THOMAS D. SCHROEDER, District Judge.

Before the court is a motion filed May 21, 2013, by pro se Plaintiff Delbert Lamar Rankin ("Mr. Rankin"). (Doc. 61.) In the motion, Mr. Rankin reiterates his grievances with regard to this case, including the court's captioning of the case, what he asserts are the actions of some of the individuals about whom he complains, and alleged racial discrimination. Mr. Rankin's statements largely repeat his previous contentions and are conclusory. He requests "an investigation whereas to someones occupation" and "to reinstate or investigate." (Id. at 5.) Mr. Rankin also contends that he "deserves a Hearing in this Matter." (Id.)
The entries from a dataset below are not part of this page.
lemma lipschitz_term_le:
  "A * (L\<^sup>2 / \<theta>) * (norm (\<gamma> *\<^sub>R u + \<omega> *\<^sub>R a))\<^sup>2
     \<le> A * (norm u)\<^sup>2 - 2 * \<omega> * \<gamma> * (norm u)\<^sup>2 + 4 * \<omega> * \<gamma> * \<mu>\<^sup>2 * q\<^sup>2 * (norm a)\<^sup>2"
proof -
  have t: "0 < \<beta> / \<theta>" "\<beta> / \<theta> < 1"
    using beta_gt_half beta_lt_1 unfolding \<theta>_def by (auto simp: field_simps)
  have "\<beta> *\<^sub>R u + \<mu> *\<^sub>R a = L *\<^sub>R (\<gamma> *\<^sub>R u + \<omega> *\<^sub>R a)"
    unfolding \<beta>_def \<mu>_def by (simp add: scaleR_add_right)
  hence "L\<^sup>2 * (norm (\<gamma> *\<^sub>R u + \<omega> *\<^sub>R a))\<^sup>2 = (norm (\<beta> *\<^sub>R u + \<mu> *\<^sub>R a))\<^sup>2"
    using L_pos by (simp add: power_mult_distrib)
  also have "\<dots> \<le> (norm (\<beta> *\<^sub>R u))\<^sup>2 / (\<beta> / \<theta>) + (norm (\<mu> *\<^sub>R a))\<^sup>2 / (1 - \<beta> / \<theta>)"
    by (rule power2_norm_add_le_weighted[OF t])
  also have "\<dots> = \<theta> * (\<beta> * (norm u)\<^sup>2 + 2 * q * \<mu>\<^sup>2 * (norm a)\<^sup>2)"
    using beta_gt_half beta_lt_1 unfolding \<theta>_def q_def
    by (simp add: power_mult_distrib field_simps power2_eq_square)
  finally have "(L\<^sup>2 / \<theta>) * (norm (\<gamma> *\<^sub>R u + \<omega> *\<^sub>R a))\<^sup>2 \<le> \<beta> * (norm u)\<^sup>2 + 2 * q * \<mu>\<^sup>2 * (norm a)\<^sup>2"
    using theta_pos by (simp add: field_simps)
  hence "A * ((L\<^sup>2 / \<theta>) * (norm (\<gamma> *\<^sub>R u + \<omega> *\<^sub>R a))\<^sup>2)
      \<le> A * (\<beta> * (norm u)\<^sup>2 + 2 * q * \<mu>\<^sup>2 * (norm a)\<^sup>2)"
    by (rule mult_left_mono) (use A_pos in simp)
  also have "\<dots> = A * \<beta> * (norm u)\<^sup>2 + 4 * \<omega> * \<gamma> * \<mu>\<^sup>2 * q\<^sup>2 * (norm a)\<^sup>2"
    unfolding A_def by (simp add: power2_eq_square algebra_simps)
  finally show ?thesis unfolding A_beta by (simp add: algebra_simps)
qed

lemma variance_coeff_le: "\<omega>\<^sup>2 + A * (L\<^sup>2 / \<theta>) * (\<gamma> + \<omega>)\<^sup>2 + A * (1 / (1 - \<theta>)) \<le> \<nu>"
proof -
  define W where "W = \<omega> * \<gamma> * q\<^sup>2"
  have "q \<le> q\<^sup>2 / 2" "1 \<le> q\<^sup>2"
    using q_ge_2 mult_right_mono[OF q_ge_2, of q] mult_mono[of 1 q 1 q] by (auto simp: power2_eq_square)
  have "\<omega>\<^sup>2 \<le> \<omega> * \<gamma>"
    using omega_lt_gamma rho_pos omega_pos by (simp add: power2_eq_square)
  also have "\<dots> \<le> W"
    unfolding W_def using \<open>1 \<le> q\<^sup>2\<close> omega_pos gamma_pos by simp
  finally have first: "\<omega>\<^sup>2 \<le> W" .
  have "L\<^sup>2 * (\<gamma> + \<omega>)\<^sup>2 = (\<beta> + \<mu>)\<^sup>2"
    unfolding \<beta>_def \<mu>_def by (simp add: power2_eq_square algebra_simps)
  also have "\<dots> \<le> 1"
    using four_mu_lt mu_pos beta_gt_half by (simp add: power_le_one)
  finally have "L\<^sup>2 / \<theta> * (\<gamma> + \<omega>)\<^sup>2 \<le> 4 / 3"
    using beta_gt_half unfolding \<theta>_def by (simp add: field_simps)
  hence "A * (L\<^sup>2 / \<theta> * (\<gamma> + \<omega>)\<^sup>2) \<le> A * (4 / 3)"
    by (rule mult_left_mono) (use A_pos in simp)
  hence "A * (L\<^sup>2 / \<theta>) * (\<gamma> + \<omega>)\<^sup>2 \<le> A * (4 / 3)"
    by (simp only: mult.assoc)
  also have "\<dots> \<le> 4 / 3 * W"
    unfolding A_def W_def using \<open>q \<le> q\<^sup>2 / 2\<close> omega_pos gamma_pos by simp
  finally have second: "A * (L\<^sup>2 / \<theta>) * (\<gamma> + \<omega>)\<^sup>2 \<le> 4 / 3 * W" .
  have "1 / (1 - \<theta>) = 2 * q"
    unfolding \<theta>_def q_def using beta_lt_1 by (simp add: field_simps)
  hence third: "A * (1 / (1 - \<theta>)) = 4 * W"
    unfolding A_def W_def by (simp add: power2_eq_square)
  have "0 \<le> W" "\<nu> = 7 * W" unfolding W_def \<nu>_def using omega_pos gamma_pos by simp_all
  thus ?thesis using first second third by linarith
qed

lemma variance_term_le:
  assumes "V \<le> (\<delta> * (norm (xh - xstar))\<^sup>2 + 2 * \<sigma>2) / \<tau>"
    and "(norm (xh - xstar))\<^sup>2 \<le> 2 * R + 2 * \<gamma>\<^sup>2 * P" and "0 \<le> P"
  shows "\<nu> * V \<le> \<epsilon> * R + \<omega> * \<gamma> / 4 * P + \<eta>"
proof -
  have "2 * \<nu> * \<delta> * \<gamma>\<^sup>2 / \<tau> = 14 * \<omega> * \<gamma> * q\<^sup>2 * \<gamma>\<^sup>2 * (\<delta> / \<tau>)"
    unfolding \<nu>_def by simp
  also have "\<dots> \<le> 14 * \<omega> * \<gamma> * q\<^sup>2 * \<gamma>\<^sup>2 * ((1 - \<beta>) * L\<^sup>2 * \<mu> / 32)"
    using delta_div_tau_le omega_pos gamma_pos by (intro mult_left_mono) auto
  also have "\<dots> = 14 / 32 * (\<omega> * \<gamma>) * ((1 - \<beta>) * q) * (\<gamma> * L)\<^sup>2 * (\<mu> * q)"
    by (simp add: power2_eq_square)
  also have "\<dots> = 14 / 32 * (\<omega> * \<gamma>) * \<beta>\<^sup>2 * (\<mu> * q)"
    unfolding one_minus_beta_q by (simp add: \<beta>_def mult.commute)
  also have "\<dots> \<le> 14 / 32 * (\<omega> * \<gamma>) * 1 * (1 / 4)"
    using mu_q_le beta_gt_half beta_lt_1 omega_pos gamma_pos mu_pos q_ge_2
    by (intro mult_mono) (auto simp: power_le_one)
  finally have coeff: "2 * \<nu> * \<delta> * \<gamma>\<^sup>2 / \<tau> \<le> \<omega> * \<gamma> / 4"
    using mult_pos_pos[OF omega_pos gamma_pos] by linarith
  have "\<nu> * V \<le> \<nu> * ((\<delta> * (2 * R + 2 * \<gamma>\<^sup>2 * P) + 2 * \<sigma>2) / \<tau>)"
    using assms nu_nonneg delta_nonneg tau_pos
    by (intro mult_left_mono order.trans[OF assms(1)] divide_right_mono add_right_mono) auto
  also have "\<dots> = \<epsilon> * R + (2 * \<nu> * \<delta> * \<gamma>\<^sup>2 / \<tau>) * P + \<eta>"
    unfolding \<epsilon>_def \<eta>_def by (simp add: add_divide_distrib algebra_simps)
  also have "\<dots> \<le> \<epsilon> * R + \<omega> * \<gamma> / 4 * P + \<eta>"
    using coeff \<open>0 \<le> P\<close> by (intro add_right_mono add_left_mono mult_right_mono)
  finally show ?thesis .
qed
Although not denominated as such, because the motion was filed within twenty-eight days after the entry of judgment, the court will treat it as one to alter or amend a judgment pursuant to Federal Rule of Civil Procedure 59(e). See Lee-Thomas v. Prince George's Cnty. Pub. Sch., 666 F.3d 244, 247 n.4 (4th Cir. 2012); Katyle v. Penn Nat. Gaming, Inc., 637 F.3d 462, 471 n.4 (4th Cir. 2011). A motion under Rule 59(e) will be granted (1) to accommodate an intervening change in controlling law, (2) to account for new evidence not previously available, or (3) to correct a clear error of law or prevent manifest injustice. Pac. Ins. Co. v. Am. Nat. Fire Ins. Co., 148 F.3d 396, 403 (4th Cir. 1998).1

The court has carefully considered Mr. Rankin's filing, construed as noted herein, but finds it lacking in merit for any ground to alter or set aside the court's Judgment entered in this case on May 8, 2013 (Doc. 60). Accordingly, to the extent the filing can be construed as a motion for altering or relief from judgment, it will be denied.

IT IS THEREFORE ORDERED AND ADJUDGED that Plaintiff's motion filed May 21, 2013 (Doc. 61), is DENIED.

FootNotes


1. Alternatively, even if the motion were treated as one pursuant to Federal Rule of Civil Procedure 60(b), the court finds that it would fail. See Aikens v. Ingram, 652 F.3d 496, 500-01 (4th Cir. 2011) (noting that, in deference to the finality of judgments, "only truly `extraordinary circumstances' will permit a party successfully to invoke the `any other reason' clause of § 60(b)").